In other words 6.3125 is really
  1*2^2 + 1*2^1 + 0*2^0 + 0*2^(-1) + 1*2^(-2) + 0*2^(-3) + 1*2^(-4)
  110.0101 in binary

Step 2:  To get this to the form 1.xxxx we shift the decimal place
left two places, which gives us 1.100101 and an exponent of 2. 

Step 3:  Our mantissa will be 100101 followed by enough zeros to fill
out the mantissa.  (NOTE:  If we *really* were doing 6.32 and not
6.3125 then the lesser-significant bits in the mantissa would include
some ones that are needed to add up to the value 6.32.) 

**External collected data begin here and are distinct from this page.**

(* Let $A\in\mathbb{M}_m(\mathbb{M}_n)$ be positive semidefinite. Then \[ (\mathrm{tr} A)^{mn}+\big(\det(\mathrm{tr}_1 A)\big)^m\ge m^{mn}\Big(\det A+\big(\det(\mathrm{tr}_2 A)\big)^n\Big), \] and \[ (\mathrm{tr} A)^{mn}+\big(\det(\mathrm{tr}_2 A)\big)^n\ge n^{mn}\Big(\det A+\big(\det(\mathrm{tr}_1 A)\big)^m\Big). \]
   Context: $\mathbb{M}_m(\mathbb{M}_n)$ denotes the set of $mn\times mn$ complex matrices partitioned as $A=[A_{i,j}]_{i,j=1}^m$ with each block $A_{i,j}$ an $n\times n$ complex matrix. The partial traces are $\mathrm{tr}_1 A=\sum_{i=1}^m A_{i,i}\in\mathbb{M}_n$ and $\mathrm{tr}_2 A=[\mathrm{tr}\,A_{i,j}]_{i,j=1}^m\in\mathbb{M}_m$. *)

theory Defs
  imports "HOL-Analysis.Analysis" "HOL-Library.Complex_Order"
begin

text \<open>Block matrices in M_m(M_n) are represented as square complex matrices indexed by
  the product type 'm \<times> 'n: the entry (k,l) of block A_{i,j} is A $ (i,k) $ (j,l).\<close>

definition hermitian_mat :: "complex^'k^'k \<Rightarrow> bool" where
  "hermitian_mat A \<longleftrightarrow> (\<forall>i j. A $ i $ j = cnj (A $ j $ i))"

definition psd_mat :: "complex^'k^'k \<Rightarrow> bool" where
  "psd_mat A \<longleftrightarrow> hermitian_mat A \<and>
     (\<forall>x :: complex^'k. 0 \<le> (\<Sum>i\<in>UNIV. \<Sum>j\<in>UNIV. cnj (x $ i) * A $ i $ j * x $ j))"

text \<open>Partial traces: tr_1 A = sum of diagonal blocks (n x n), tr_2 A = [tr A_{ij}] (m x m).\<close>

definition ptrace1 :: "complex^('m::finite \<times> 'n::finite)^('m \<times> 'n) \<Rightarrow> complex^'n^'n" where
  "ptrace1 A = (\<chi> k l. \<Sum>i\<in>UNIV. A $ (i, k) $ (i, l))"

definition ptrace2 :: "complex^('m::finite \<times> 'n::finite)^('m \<times> 'n) \<Rightarrow> complex^'m^'m" where
  "ptrace2 A = (\<chi> i j. \<Sum>k\<in>UNIV. A $ (i, k) $ (j, k))"

end

theory Submission
  imports Defs "HOL-Computational_Algebra.Fundamental_Theorem_Algebra"
begin

text \<open>
  Let \<open>S = tr\<^sub>1 A\<close> and let \<open>T = I\<^sub>m \<otimes> S\<close> be block diagonal with \<open>m\<close> copies of \<open>S\<close>.
  If \<open>S\<close> is singular, a kernel vector of \<open>S\<close> placed in any block is a kernel vector of \<open>A\<close>.
  Otherwise every eigenvalue \<open>a\<close> of \<open>T\<^sup>-\<^sup>1 A\<close> satisfies \<open>A v = a T v\<close> for some \<open>v \<noteq> 0\<close>, so it is
  nonnegative because \<open>A\<close> is positive semidefinite and \<open>T\<close> positive definite. These \<open>mn\<close>
  eigenvalues have sum \<open>tr (S\<^sup>-\<^sup>1 tr\<^sub>1 A) = n\<close> and product \<open>det A / (det S)^m\<close>, so AM-GM gives
  \<open>m^(mn) det A \<le> (det tr\<^sub>1 A)^m\<close>. AM-GM for the eigenvalues of \<open>tr\<^sub>2 A\<close>, whose trace is \<open>tr A\<close>,
  gives \<open>m^(mn) (det tr\<^sub>2 A)^n \<le> (tr A)^(mn)\<close>, and the sum of the two is the first inequality.
  The second is the first one for \<open>A\<close> with its two tensor factors interchanged.
\<close>

section \<open>Characteristic polynomial and eigenvalues\<close>

lemma coeff_prod_linear_factors:
  fixes r :: "'a \<Rightarrow> 'b::comm_ring_1"
  assumes "finite S"
  shows "coeff (\<Prod>i\<in>S. [:-r i, 1:]) (card S) = 1 \<and>
         (S \<noteq> {} \<longrightarrow> coeff (\<Prod>i\<in>S. [:-r i, 1:]) (card S - 1) = - (\<Sum>i\<in>S. r i))"
  using assms
proof (induction S rule: finite_induct)
  case empty
  then show ?case by simp
next
  case (insert x F)
  let ?P = "\<Prod>i\<in>F. [:-r i, 1:]"
  have split: "(\<Prod>i\<in>insert x F. [:-r i, 1:]) = smult (-r x) ?P + pCons 0 ?P"
    using insert by simp
  have "degree ?P \<le> card F"
    using degree_prod_sum_le[OF insert(1), of "\<lambda>i. [:-r i, 1:]"] by simp
  then have top: "coeff ?P (Suc (card F)) = 0"
    by (simp add: coeff_eq_0)
  show ?case
  proof (cases "F = {}")
    case False
    then obtain c where "card F = Suc c"
      using insert(1) by (metis card_0_eq not0_implies_Suc)
    then show ?thesis using insert top split False by (simp add: algebra_simps)
  qed (use insert in simp)
qed

definition charpoly :: "'a::comm_ring_1^'n^'n \<Rightarrow> 'a poly" where
  "charpoly M = det (\<chi> i j. if i = j then [:-M$i$j, 1:] else [:-M$i$j:])"

lemma poly_charpoly: "poly (charpoly M) x = det (mat x - M)"
  unfolding charpoly_def det_def poly_sum
  by (intro sum.cong refl)
    (simp only: poly_prod poly_mult poly_of_int; intro arg_cong2[where f="(*)"] refl prod.cong;
     simp add: mat_def)

lemma card_fixpoints_le_if_not_id:
  assumes p: "p permutes (UNIV::'n::finite set)" and "p \<noteq> id"
  shows "card {i. p i = i} + 2 \<le> CARD('n)"
proof -
  from assms(2) obtain a where a: "p a \<noteq> a" by (auto simp: fun_eq_iff)
  have "p (p a) \<noteq> p a"
    using a permutes_inj[OF p] by (auto dest: injD)
  then have "{a, p a} \<subseteq> UNIV - {i. p i = i}" using a by auto
  then have "2 \<le> card (UNIV - {i. p i = i})"
    using a card_mono[of "UNIV - {i. p i = i}" "{a, p a}"] by simp
  moreover have "card (UNIV - {i. p i = i}) = CARD('n) - card {i. p i = i}"
    by (rule card_Diff_subset) auto
  moreover have "card {i. p i = i} \<le> CARD('n)" by (rule card_mono) auto
  ultimately show ?thesis by linarith
qed

text \<open>Only the identity permutation contributes to the two top coefficients.\<close>

lemma charpoly_eq_diagonal_plus_low_degree:
  fixes M :: "'a::comm_ring_1^'n::finite^'n"
  obtains R where "charpoly M = (\<Prod>i\<in>UNIV. [:-M$i$i, 1:]) + R"
    and "\<And>k. CARD('n) \<le> k + 1 \<Longrightarrow> coeff R k = 0"
proof -
  let ?C = "(\<chi> i j. if i = j then [:-M$i$j, 1:] else [:-M$i$j:]) :: 'a poly^'n^'n"
  let ?t = "\<lambda>p. of_int (sign p) * (\<Prod>i\<in>UNIV. ?C$i$p i)"
  let ?P = "{p. p permutes (UNIV::'n set)}"
  have split: "charpoly M = ?t id + (\<Sum>p\<in>?P - {id}. ?t p)"
    unfolding charpoly_def det_def
    using sum.remove[of ?P id ?t] by (simp add: finite_permutations permutes_id)
  have diag: "?t id = (\<Prod>i\<in>UNIV. [:-M$i$i, 1:])" by simp
  have low: "coeff (\<Sum>p\<in>?P - {id}. ?t p) k = 0" if "CARD('n) \<le> k + 1" for k
  proof -
    have "degree (?t p) + 2 \<le> CARD('n)" if "p \<in> ?P - {id}" for p
    proof -
      have "degree (?t p) \<le> (\<Sum>i\<in>UNIV. degree (?C$i$p i))"
        using degree_mult_le[of "of_int (sign p)" "\<Prod>i\<in>UNIV. ?C$i$p i"]
          degree_prod_sum_le[of UNIV "\<lambda>i. ?C$i$p i"] by (simp add: o_def)
      also have "\<dots> = (\<Sum>i\<in>UNIV. if p i = i then 1 else 0)"
        by (intro sum.cong) auto
      also have "\<dots> = card {i. p i = i}"
        by (simp add: sum.If_cases)
      finally show ?thesis using card_fixpoints_le_if_not_id[of p] that by simp
    qed
    then show ?thesis
      unfolding coeff_sum using that by (intro sum.neutral ballI coeff_eq_0) fastforce
  qed
  show ?thesis
    using that[of "\<Sum>p\<in>?P - {id}. ?t p"] split diag low by simp
qed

Step 4: Our exponent is 2, and to get this in excess-127 notation we
add 127 to 2 to get 129 and then write this in binary.  129 = 128 + 1
in decimal, so it's 10000001 in binary.  (Note we have 8 bits for the
exponent.) 

Step 5:  The sign bit is 0.

Step 6:  The complete binary representation for all 32 bits is as
follows.  I'll put spaces between the parts. 
   0 10000001 10010100000000000000000
Let's write this again, but group the bits in groups of 4 so we can
easily make them hex digits: 
   0100 0000 1100 1010 0000 0000 0000 0000
   40 CA 00 00
If you looked in Visual Studio, you'd see this as: 00 00 ca 40

NOTE:  If you use Visual Studio to see the pattern for our original
value, 6.32, we'd see this: 
   71 3d ca 40
See, there are some ones now in those lesser-significant bits -- which
are on the left of this expression because our Intel x86 architecture
is little-endian. These ones are the smaller fractional powers of 2
needed to get 0.32 exactly in binary.